● WORK TO COMPLETE
The output should be all lines of the entries below in which the word "finally" occurs.

● RAW DATA
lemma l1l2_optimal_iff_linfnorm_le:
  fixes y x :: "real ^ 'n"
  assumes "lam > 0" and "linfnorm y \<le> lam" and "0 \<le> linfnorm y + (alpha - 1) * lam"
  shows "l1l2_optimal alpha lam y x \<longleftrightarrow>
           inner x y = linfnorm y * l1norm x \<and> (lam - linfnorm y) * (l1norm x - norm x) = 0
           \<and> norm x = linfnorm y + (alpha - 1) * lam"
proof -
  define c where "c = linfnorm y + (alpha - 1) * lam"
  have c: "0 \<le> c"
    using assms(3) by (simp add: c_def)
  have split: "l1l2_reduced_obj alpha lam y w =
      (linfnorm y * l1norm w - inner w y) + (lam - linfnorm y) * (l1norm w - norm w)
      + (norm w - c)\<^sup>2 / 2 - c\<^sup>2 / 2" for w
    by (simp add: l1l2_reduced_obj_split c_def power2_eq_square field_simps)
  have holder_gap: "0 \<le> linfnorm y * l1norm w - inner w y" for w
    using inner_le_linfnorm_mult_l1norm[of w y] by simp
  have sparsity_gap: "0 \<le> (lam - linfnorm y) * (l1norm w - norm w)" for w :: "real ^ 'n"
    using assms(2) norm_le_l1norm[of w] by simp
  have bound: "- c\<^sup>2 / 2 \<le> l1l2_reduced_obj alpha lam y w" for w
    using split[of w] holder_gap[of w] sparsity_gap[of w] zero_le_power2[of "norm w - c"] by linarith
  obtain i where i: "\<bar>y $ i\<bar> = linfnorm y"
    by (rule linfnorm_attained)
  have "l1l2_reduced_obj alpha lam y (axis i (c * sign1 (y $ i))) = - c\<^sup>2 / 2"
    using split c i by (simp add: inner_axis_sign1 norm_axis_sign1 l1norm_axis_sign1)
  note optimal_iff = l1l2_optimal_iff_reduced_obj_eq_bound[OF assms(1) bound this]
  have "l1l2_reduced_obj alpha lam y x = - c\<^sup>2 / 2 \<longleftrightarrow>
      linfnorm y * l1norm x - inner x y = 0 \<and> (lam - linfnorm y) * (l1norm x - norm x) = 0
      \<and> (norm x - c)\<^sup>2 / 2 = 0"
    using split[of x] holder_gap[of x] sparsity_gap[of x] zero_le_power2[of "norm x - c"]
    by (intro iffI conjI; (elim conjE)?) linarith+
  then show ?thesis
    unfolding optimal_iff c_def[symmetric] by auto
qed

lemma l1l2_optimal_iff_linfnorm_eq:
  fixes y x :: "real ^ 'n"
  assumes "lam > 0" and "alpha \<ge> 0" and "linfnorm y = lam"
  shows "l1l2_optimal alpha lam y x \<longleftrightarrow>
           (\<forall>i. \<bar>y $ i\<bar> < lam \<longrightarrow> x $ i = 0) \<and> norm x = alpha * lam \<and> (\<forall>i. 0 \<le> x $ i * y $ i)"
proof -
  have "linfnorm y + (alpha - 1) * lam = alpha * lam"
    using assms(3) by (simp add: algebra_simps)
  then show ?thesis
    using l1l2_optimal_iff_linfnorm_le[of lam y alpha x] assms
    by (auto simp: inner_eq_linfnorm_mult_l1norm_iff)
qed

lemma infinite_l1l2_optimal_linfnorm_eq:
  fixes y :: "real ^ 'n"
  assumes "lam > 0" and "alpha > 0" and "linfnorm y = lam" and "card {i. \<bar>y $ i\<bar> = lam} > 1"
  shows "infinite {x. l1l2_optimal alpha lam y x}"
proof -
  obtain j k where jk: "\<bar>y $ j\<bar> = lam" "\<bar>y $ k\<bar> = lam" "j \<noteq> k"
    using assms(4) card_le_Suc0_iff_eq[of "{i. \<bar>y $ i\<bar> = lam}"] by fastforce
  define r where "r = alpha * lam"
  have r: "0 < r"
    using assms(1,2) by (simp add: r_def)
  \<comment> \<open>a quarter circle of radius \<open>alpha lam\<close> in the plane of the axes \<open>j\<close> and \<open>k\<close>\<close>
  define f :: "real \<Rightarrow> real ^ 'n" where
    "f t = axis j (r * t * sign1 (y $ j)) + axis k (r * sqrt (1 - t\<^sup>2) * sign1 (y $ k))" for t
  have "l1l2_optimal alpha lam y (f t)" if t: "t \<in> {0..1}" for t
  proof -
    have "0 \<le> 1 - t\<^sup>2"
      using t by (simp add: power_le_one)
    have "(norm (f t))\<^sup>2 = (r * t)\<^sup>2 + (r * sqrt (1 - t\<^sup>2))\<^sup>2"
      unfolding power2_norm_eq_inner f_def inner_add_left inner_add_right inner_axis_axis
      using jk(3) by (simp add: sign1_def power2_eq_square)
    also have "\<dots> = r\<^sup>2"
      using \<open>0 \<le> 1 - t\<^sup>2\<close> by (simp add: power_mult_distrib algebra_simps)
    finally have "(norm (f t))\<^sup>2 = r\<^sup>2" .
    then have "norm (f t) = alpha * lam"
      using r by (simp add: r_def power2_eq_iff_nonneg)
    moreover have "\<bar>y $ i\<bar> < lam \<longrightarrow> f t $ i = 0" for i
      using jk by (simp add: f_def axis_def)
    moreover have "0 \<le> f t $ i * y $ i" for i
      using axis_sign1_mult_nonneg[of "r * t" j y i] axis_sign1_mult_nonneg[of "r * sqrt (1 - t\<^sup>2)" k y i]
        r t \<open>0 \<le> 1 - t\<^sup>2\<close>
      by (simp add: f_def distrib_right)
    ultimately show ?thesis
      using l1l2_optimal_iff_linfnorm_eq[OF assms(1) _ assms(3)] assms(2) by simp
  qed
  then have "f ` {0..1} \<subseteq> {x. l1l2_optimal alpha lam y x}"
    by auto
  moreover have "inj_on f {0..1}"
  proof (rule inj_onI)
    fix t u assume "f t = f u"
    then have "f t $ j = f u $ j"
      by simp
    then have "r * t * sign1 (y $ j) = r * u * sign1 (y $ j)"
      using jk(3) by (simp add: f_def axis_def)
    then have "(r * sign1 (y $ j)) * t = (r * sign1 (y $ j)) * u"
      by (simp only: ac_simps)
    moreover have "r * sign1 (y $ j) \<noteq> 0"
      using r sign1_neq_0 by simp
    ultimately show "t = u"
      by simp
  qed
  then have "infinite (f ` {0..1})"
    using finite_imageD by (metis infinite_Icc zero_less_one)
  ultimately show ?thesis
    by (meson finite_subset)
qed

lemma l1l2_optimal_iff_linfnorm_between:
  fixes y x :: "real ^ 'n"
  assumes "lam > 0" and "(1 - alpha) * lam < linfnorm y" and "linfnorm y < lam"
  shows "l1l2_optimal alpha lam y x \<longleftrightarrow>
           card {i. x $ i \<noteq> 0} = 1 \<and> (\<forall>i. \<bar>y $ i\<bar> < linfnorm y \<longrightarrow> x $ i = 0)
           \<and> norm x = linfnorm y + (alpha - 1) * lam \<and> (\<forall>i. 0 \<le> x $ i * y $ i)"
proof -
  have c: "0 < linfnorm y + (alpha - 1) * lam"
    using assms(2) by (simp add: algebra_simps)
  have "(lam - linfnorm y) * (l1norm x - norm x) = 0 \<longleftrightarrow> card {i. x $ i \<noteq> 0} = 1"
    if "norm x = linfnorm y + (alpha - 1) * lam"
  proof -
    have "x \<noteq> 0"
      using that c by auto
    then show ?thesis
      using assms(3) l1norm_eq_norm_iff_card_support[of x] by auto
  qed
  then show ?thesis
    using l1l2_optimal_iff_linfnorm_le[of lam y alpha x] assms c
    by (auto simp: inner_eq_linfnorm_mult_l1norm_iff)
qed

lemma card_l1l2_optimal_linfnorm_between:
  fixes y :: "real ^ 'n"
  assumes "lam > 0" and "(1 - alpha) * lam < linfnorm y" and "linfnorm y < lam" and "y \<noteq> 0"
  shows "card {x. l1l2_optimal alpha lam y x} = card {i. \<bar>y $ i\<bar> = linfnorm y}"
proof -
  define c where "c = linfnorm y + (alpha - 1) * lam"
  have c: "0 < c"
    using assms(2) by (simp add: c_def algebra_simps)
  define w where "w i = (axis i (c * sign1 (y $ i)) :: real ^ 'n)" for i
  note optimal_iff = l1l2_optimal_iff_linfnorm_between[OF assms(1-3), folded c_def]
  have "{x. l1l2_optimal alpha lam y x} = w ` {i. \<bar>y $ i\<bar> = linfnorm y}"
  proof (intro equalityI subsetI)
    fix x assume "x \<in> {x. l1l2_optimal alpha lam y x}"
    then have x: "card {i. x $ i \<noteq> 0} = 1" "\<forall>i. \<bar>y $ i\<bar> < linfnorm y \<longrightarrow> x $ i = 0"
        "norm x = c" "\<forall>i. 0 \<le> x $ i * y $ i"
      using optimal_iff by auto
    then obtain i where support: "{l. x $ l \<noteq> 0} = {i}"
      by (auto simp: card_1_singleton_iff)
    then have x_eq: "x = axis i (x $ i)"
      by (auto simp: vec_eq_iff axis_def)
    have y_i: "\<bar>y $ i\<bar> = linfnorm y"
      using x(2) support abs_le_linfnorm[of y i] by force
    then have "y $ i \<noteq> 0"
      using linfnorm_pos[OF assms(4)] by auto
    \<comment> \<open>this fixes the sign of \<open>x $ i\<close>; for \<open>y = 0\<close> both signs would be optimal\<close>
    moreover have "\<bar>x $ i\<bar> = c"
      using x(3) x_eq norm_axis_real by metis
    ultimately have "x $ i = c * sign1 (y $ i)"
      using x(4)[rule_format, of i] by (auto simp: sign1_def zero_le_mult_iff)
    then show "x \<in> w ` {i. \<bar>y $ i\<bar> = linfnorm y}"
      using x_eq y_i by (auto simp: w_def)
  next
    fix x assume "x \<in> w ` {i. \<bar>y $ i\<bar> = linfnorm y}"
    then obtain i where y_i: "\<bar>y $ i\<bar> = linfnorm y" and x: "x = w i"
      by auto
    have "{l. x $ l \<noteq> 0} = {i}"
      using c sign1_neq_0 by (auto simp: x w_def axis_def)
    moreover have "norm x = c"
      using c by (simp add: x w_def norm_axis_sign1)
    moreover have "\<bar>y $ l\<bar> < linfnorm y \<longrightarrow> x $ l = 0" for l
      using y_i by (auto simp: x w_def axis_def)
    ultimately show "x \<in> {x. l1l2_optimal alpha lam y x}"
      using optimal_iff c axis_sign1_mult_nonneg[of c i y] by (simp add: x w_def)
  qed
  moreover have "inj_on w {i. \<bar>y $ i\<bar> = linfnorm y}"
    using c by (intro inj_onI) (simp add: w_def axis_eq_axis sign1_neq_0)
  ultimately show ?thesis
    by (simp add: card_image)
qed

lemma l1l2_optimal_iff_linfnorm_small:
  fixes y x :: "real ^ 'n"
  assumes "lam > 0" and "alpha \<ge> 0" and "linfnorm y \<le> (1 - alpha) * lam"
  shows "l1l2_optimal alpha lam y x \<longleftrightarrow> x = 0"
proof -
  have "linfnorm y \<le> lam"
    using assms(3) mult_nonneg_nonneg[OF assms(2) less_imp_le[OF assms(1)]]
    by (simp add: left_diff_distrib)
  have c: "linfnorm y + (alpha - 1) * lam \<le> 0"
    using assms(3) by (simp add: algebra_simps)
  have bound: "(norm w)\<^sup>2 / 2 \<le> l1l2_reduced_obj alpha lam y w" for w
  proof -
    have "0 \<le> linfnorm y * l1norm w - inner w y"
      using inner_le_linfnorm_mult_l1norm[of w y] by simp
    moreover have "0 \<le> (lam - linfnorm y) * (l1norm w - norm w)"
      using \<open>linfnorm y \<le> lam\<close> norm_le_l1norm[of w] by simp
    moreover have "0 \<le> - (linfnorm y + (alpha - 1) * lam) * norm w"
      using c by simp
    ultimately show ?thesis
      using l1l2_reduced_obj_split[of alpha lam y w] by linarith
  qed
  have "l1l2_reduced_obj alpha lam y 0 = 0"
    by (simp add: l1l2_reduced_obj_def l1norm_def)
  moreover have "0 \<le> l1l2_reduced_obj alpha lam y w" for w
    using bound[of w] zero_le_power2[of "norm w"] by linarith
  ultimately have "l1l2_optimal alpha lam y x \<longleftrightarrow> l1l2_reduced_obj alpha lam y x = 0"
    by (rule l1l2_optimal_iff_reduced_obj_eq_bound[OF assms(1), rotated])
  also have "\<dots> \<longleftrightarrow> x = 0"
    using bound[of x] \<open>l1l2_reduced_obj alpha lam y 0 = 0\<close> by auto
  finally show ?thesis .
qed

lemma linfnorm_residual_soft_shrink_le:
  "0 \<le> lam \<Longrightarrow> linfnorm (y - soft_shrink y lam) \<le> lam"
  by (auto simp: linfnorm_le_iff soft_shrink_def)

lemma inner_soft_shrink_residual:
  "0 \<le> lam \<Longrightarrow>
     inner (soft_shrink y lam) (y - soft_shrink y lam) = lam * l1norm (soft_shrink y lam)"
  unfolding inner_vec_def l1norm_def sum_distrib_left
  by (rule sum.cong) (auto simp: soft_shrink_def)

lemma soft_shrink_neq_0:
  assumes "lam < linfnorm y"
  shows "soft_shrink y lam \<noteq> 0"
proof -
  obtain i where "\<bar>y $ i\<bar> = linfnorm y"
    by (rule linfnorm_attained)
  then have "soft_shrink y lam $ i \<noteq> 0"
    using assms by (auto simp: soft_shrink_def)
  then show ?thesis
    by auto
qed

● THE ANSWER
    finally have "(norm (f t))\<^sup>2 = r\<^sup>2" .
  finally show ?thesis .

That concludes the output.